In such a scenario, no wonder, stand alone airlines will find it difficult to
stay afloat because they would not only have to offer added frills to the traveller
but also the advantage of global connectivity. As Talwar explains, "Member
airlines of any alliance group are preferred over stand alone carriers today
because travellers have many options to consolidate their miles. Most of the
frequent travelers are corporate clients whose cost of travel is borne by the
company and they use the miles accumulated for their personal trip."
However, Emirates, an airline that boasts good financial result and passenger
growth begs to differ that an alliance is the ultimate option. It feels that
its customer' interests and its own are best served by remaining independent.

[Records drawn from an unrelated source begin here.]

(* Let $v\in V\cap C^\infty(\overline D;\mathbb R^2)$. For each $s=L/N$ and $n=0,\dots,N-1$ let $v_n(\hat x)=v(\hat x,ns)$, and decompose $v_n=v_{n,1}+v_{n,2}$ with $v_{n,1}\in\mathscr F$, $v_{n,2}\in\mathscr G$. Set $v_1^s=\sum_{n=0}^{N-1}v_{n,1}\chi_n$ and $v_2^s=\sum_{n=0}^{N-1}v_{n,2}\chi_n$. Then there exist $v_1,v_2\in L^2(D;\mathbb R^2)$ such that $v_1+v_2=v$, $v_1^s\to v_1$ and $v_2^s\to v_2$ in $L^2(D;\mathbb R^2)$ as $s\to0$, and $$\langle v_1,v_2\rangle=\langle v_1^s,v_2\rangle=\langle v_1,v_2^s\rangle=0$$ for all $s$, where $\langle\cdot,\cdot\rangle$ is the inner product of $L^2(D;\mathbb R^2)$.
   Context: Let $\Omega\subset\mathbb R^2$ be a bounded simply connected smooth domain, $L>0$, $D=\Omega\times(0,L)$, $s=L/N$ with $N$ a positive integer; $s\to0$ means $N\to\infty$. Points are $x=(\hat x,x_3)$. $\operatorname{curl}f=\partial_1f^2-\partial_2f^1$; $V:=\{v\in L^2(D;\mathbb R^2):\operatorname{curl}v\text{ is a finite Radon measure on }D\}$. $L^2(\Omega;\mathbb R^2)=\mathscr F\oplus\mathscr G$ (orthogonal direct sum), where $\mathscr F=\{(\partial_2f,-\partial_1f):f\in H^1(\Omega),\ f=0\text{ on }\partial\Omega\}$ and $\mathscr G=\{\hat\nabla g:g\in H^1(\Omega)\}$. $\chi_0=\chi_{(0,s)}(x_3)$ and $\chi_n=\chi_{[ns,(n+1)s)}(x_3)$ for $1\le n\le N-1$. *)

theory Defs
  imports "HOL-Analysis.Analysis"
begin

text \<open>Points of R^2 are of type real^2; points of R^3 = R^2 x R are pairs (hat x, x3).\<close>

fun Ck_on :: "nat \<Rightarrow> 'a::euclidean_space set \<Rightarrow> ('a \<Rightarrow> 'b::real_normed_vector) \<Rightarrow> bool" where
  "Ck_on 0 S f = continuous_on S f"
| "Ck_on (Suc k) S f =
     (\<exists>f'. (\<forall>x\<in>S. (f has_derivative f' x) (at x)) \<and> (\<forall>i\<in>Basis. Ck_on k S (\<lambda>x. f' x i)))"

definition smooth_on :: "'a::euclidean_space set \<Rightarrow> ('a \<Rightarrow> 'b::real_normed_vector) \<Rightarrow> bool" where
  "smooth_on S f \<longleftrightarrow> open S \<and> (\<forall>k. Ck_on k S f)"
lemma dsum_level_graph_near:
  assumes "-1 \<le> c" "c \<le> 1" "s + t \<le> n"
  shows "\<bar>dsum n (level_graph n c F) - dsum n F\<bar> \<le> \<bar>c - ddiff n F\<bar> + vertex_bound n"
proof (cases "level_index n c F \<le> n")
  case True
  have "\<bar>dsum n (level_graph n c F) - dsum n F\<bar> \<le> ddiff n F - ddiff n (level_graph n c F)"
    using dsum_change_le_ddiff_change[OF subgraph_sweep[OF True, of n F]] by (simp add: level_graph_def)
  moreover have "c \<le> ddiff n (level_graph n c F)" by (rule ddiff_level_graph_ge[OF assms(2,3)])
  ultimately show ?thesis using vertex_bound_nonneg[of n] by linarith
next
  case False
  then have "\<bar>dsum n F - dsum n (level_graph n c F)\<bar> \<le> ddiff n (level_graph n c F) - ddiff n F"
    using dsum_change_le_ddiff_change[OF subgraph_sweep, of n "level_index n c F" n F]
    by (simp add: level_graph_def)
  moreover have "ddiff n F < c" using ddiff_below_level[of n n c F] False by simp
  moreover have "ddiff n (level_graph n c F) \<le> c + vertex_bound n"
    by (rule ddiff_level_graph_le[OF assms(1,3)])
  ultimately show ?thesis by linarith
qed

lemma level_index_cong:
  assumes "\<And>a b. a < n \<Longrightarrow> b < n \<Longrightarrow> F a b = F' a b"
  shows "level_index n c F = level_index n c F'"
proof -
  have "ddiff n (sweep n F j) = ddiff n (sweep n F' j)" for j
    by (intro ddiff_cong sweep_cong[OF assms])
  then show ?thesis by (simp add: level_index_def)
qed

lemma dsum_level_graph_cong:
  assumes "\<And>a b. a < n \<Longrightarrow> b < n \<Longrightarrow> F a b = F' a b"
  shows "dsum n (level_graph n c F) = dsum n (level_graph n c F')"
proof -
  have "level_index n c F = level_index n c F'" by (rule level_index_cong[OF assms])
  then show ?thesis
    unfolding level_graph_def by (simp only:) (intro dsum_cong sweep_cong[OF assms])
qed

lemma dsum_level_graph_agree_off_ordered:
  assumes "agree_off i F F'" "-1 \<le> c" "c \<le> 1" "s + t \<le> n"
    and "level_index n c F \<le> level_index n c F'"
  shows "\<bar>dsum n (level_graph n c F) - dsum n (level_graph n c F')\<bar> \<le> 3 * vertex_bound n"
proof -
  let ?j = "level_index n c F" and ?j' = "level_index n c F'"
  have same_step: "\<bar>dsum n (sweep n F ?j) - dsum n (sweep n F' ?j)\<bar> \<le> vertex_bound n"
    "\<bar>ddiff n (sweep n F ?j) - ddiff n (sweep n F' ?j)\<bar> \<le> vertex_bound n"
    using dsum_ddiff_agree_off[OF agree_off_sweep[OF assms(1)] assms(4)] by auto
  have "\<bar>dsum n (sweep n F' ?j) - dsum n (sweep n F' ?j')\<bar>
      \<le> ddiff n (sweep n F' ?j') - ddiff n (sweep n F' ?j)"
    using assms(5) by (intro dsum_change_le_ddiff_change subgraph_sweep)
  moreover have "ddiff n (sweep n F' ?j') \<le> c + vertex_bound n"
    using ddiff_level_graph_le[OF assms(2,4)] by (simp add: level_graph_def)
  moreover have "c \<le> ddiff n (sweep n F ?j)"
    using ddiff_level_graph_ge[OF assms(3,4)] by (simp add: level_graph_def)
  ultimately show ?thesis using same_step unfolding level_graph_def by linarith
qed

lemma dsum_level_graph_agree_off:
  assumes "agree_off i F F'" "-1 \<le> c" "c \<le> 1" "s + t \<le> n"
  shows "\<bar>dsum n (level_graph n c F) - dsum n (level_graph n c F')\<bar> \<le> 3 * vertex_bound n"
proof (cases "level_index n c F \<le> level_index n c F'")
  case True
  then show ?thesis using dsum_level_graph_agree_off_ordered[OF assms] by simp
next
  case False
  then show ?thesis
    using dsum_level_graph_agree_off_ordered[OF agree_off_sym[OF assms(1)] assms(2-4)]
    by (simp add: abs_minus_commute)
qed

"The airline sees no tangible benefit from trading in its freedom of action.
We prefer the flexibility to make codeshare and interline agreements where these
are mutually beneficial," said Abdulla Nasser Abdulla Hussain, vice-president
- India and Nepal, Emirates .
What one needs to understand is that survival of stand alone airlines is possible
if they operate in strong source markets, thus offering them an adequate business
opportunity and have a strategic geographical positioning supported by modern
on-ground facilities to afford them hubbing opportunities. Further, the coffer
should be full enough to continuously invest on modernisation, fleet acquisition
and building brand value. Industry captains feel that aviation is now far too
controlled and restricted by nationalities vis a vis business needs. Hence the
success of alliances will need a far more open and liberal business environment
where airlines will be allowed to freely source capital and be able to fly to
any destination, charge fares that consumers are willing to pay and offer services
that allow them to deliver against promises. Till such a situation emerges,
local players will always have adequate business opportunities.
Hence the most pertinent question arises as to what steps
need to be taken by Indian carriers to survive, given the fact that India is
an original market and not a transit base like Dubai and these are not really
cash rich? According to Gautam Chadha, MD, Tirun Marketing who has been part
of the aviation industry for long, "India's strength can only be derived
from a planned aviation infrastructure approach. It should combine the construction
of new facilities at Delhi and Mumbai which afford hubbing activities with the
immediate creation of one large airline by combining Air India with an existing
domestic carrier as well as forming a supporting tier that allows other Indian
carriers to fly anywhere with a transparent process of alocation of routes and
rights. A truly open global environment is unlikely to emerge in the near future.
So India must to use this time to create a very strong base, brand value and
operational expertise towards managing costs". Is anybody listening?